What you are asked to do:
Each line below that carries the string "shows" must appear in the answer.

Excerpted records:
======

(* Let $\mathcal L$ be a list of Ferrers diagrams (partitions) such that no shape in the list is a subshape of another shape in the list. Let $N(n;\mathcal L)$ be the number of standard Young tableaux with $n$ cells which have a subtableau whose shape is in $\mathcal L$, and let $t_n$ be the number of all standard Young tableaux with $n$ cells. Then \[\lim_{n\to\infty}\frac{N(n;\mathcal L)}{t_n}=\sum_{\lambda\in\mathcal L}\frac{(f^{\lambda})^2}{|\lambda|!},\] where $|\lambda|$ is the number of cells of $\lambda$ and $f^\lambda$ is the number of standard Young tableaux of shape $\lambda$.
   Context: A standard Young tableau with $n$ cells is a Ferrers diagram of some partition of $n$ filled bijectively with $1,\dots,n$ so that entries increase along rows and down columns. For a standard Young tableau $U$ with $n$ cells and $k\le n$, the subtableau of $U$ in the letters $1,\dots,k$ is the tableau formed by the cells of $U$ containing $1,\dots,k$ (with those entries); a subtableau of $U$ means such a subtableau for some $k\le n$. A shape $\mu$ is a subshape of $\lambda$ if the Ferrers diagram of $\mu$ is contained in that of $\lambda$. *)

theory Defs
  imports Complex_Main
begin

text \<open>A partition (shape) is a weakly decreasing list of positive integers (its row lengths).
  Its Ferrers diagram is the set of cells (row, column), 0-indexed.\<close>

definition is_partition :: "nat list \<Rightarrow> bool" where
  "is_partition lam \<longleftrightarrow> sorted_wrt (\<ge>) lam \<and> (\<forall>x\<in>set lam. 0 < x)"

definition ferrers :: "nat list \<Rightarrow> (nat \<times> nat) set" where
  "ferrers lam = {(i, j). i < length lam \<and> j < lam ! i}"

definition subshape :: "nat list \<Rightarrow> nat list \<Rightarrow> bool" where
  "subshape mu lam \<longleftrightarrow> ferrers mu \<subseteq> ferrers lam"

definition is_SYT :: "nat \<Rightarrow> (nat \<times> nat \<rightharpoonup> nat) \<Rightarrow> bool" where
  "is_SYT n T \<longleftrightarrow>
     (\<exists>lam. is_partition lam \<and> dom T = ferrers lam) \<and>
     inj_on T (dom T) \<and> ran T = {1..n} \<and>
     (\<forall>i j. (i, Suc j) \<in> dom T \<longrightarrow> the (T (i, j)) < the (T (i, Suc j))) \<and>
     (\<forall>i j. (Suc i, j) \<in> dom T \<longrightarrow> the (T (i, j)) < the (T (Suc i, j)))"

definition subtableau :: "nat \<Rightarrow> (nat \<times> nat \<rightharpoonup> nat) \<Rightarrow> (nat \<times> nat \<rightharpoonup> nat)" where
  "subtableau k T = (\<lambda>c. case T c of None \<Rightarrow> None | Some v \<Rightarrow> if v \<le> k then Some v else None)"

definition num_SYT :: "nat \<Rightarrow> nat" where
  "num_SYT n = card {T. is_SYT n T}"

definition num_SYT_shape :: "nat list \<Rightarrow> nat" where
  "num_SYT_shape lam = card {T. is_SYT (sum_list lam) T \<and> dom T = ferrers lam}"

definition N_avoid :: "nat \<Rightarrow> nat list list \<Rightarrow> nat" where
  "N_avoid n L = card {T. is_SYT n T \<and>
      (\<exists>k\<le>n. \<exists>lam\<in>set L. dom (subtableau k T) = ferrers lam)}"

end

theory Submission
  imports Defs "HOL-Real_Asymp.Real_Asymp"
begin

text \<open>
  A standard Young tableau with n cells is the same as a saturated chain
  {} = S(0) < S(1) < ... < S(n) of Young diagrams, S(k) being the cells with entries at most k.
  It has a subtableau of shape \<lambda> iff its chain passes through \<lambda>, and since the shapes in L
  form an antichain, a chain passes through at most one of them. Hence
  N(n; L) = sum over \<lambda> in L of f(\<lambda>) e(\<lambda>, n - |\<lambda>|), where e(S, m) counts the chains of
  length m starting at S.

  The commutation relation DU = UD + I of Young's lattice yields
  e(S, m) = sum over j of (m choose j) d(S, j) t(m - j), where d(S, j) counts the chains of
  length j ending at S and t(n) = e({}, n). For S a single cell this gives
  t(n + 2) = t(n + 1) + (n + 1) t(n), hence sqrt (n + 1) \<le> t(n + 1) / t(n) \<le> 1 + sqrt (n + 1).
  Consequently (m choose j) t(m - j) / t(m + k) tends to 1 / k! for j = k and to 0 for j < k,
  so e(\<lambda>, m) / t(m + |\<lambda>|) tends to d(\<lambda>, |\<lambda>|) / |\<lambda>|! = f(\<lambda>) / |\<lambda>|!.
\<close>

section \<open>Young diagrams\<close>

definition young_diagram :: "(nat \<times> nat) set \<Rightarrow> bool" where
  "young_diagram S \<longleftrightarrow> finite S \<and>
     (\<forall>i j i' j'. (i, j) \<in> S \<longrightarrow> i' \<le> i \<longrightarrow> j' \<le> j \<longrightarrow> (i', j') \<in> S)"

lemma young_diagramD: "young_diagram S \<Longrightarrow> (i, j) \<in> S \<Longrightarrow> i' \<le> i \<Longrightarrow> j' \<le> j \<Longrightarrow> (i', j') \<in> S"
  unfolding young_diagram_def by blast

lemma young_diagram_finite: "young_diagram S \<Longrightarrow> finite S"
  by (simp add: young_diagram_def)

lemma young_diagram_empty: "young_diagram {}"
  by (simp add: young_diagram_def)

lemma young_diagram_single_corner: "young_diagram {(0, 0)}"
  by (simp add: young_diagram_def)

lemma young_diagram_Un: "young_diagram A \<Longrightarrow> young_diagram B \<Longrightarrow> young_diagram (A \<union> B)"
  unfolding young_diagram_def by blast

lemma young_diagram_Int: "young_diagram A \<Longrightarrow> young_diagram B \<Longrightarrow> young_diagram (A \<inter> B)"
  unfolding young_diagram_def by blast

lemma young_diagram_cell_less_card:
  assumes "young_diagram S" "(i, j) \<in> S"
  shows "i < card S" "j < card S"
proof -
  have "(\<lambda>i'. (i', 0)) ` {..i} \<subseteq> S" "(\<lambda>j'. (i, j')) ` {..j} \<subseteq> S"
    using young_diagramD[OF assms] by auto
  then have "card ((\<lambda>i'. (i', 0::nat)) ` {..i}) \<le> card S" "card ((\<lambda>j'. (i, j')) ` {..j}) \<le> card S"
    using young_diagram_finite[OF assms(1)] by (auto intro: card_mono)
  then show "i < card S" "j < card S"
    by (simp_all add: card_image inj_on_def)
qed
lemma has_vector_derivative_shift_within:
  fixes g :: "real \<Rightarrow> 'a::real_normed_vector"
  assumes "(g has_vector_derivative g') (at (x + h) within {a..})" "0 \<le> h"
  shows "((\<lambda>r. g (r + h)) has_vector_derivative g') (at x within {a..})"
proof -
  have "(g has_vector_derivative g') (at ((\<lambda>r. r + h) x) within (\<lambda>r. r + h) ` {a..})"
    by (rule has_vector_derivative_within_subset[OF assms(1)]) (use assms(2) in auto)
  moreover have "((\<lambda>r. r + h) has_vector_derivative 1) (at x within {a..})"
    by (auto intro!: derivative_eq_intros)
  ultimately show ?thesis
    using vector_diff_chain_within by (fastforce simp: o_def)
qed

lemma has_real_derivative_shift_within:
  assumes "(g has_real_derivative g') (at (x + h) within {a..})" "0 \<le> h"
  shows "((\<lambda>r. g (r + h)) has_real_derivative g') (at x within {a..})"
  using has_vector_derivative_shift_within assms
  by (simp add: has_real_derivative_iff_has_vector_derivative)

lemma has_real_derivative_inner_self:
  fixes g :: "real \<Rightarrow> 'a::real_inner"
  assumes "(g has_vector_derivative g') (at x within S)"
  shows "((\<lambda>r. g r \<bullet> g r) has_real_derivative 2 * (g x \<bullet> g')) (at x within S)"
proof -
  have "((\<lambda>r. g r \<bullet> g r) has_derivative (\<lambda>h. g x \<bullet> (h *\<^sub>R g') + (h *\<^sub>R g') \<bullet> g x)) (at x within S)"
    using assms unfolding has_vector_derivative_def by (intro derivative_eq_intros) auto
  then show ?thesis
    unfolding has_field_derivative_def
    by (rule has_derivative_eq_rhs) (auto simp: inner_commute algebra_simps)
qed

======

Answer for the task:
  shows "i < card S" "j < card S"
  shows "((\<lambda>r. g (r + h)) has_vector_derivative g') (at x within {a..})"
  shows "((\<lambda>r. g (r + h)) has_real_derivative g') (at x within {a..})"
  shows "((\<lambda>r. g r \<bullet> g r) has_real_derivative 2 * (g x \<bullet> g')) (at x within S)"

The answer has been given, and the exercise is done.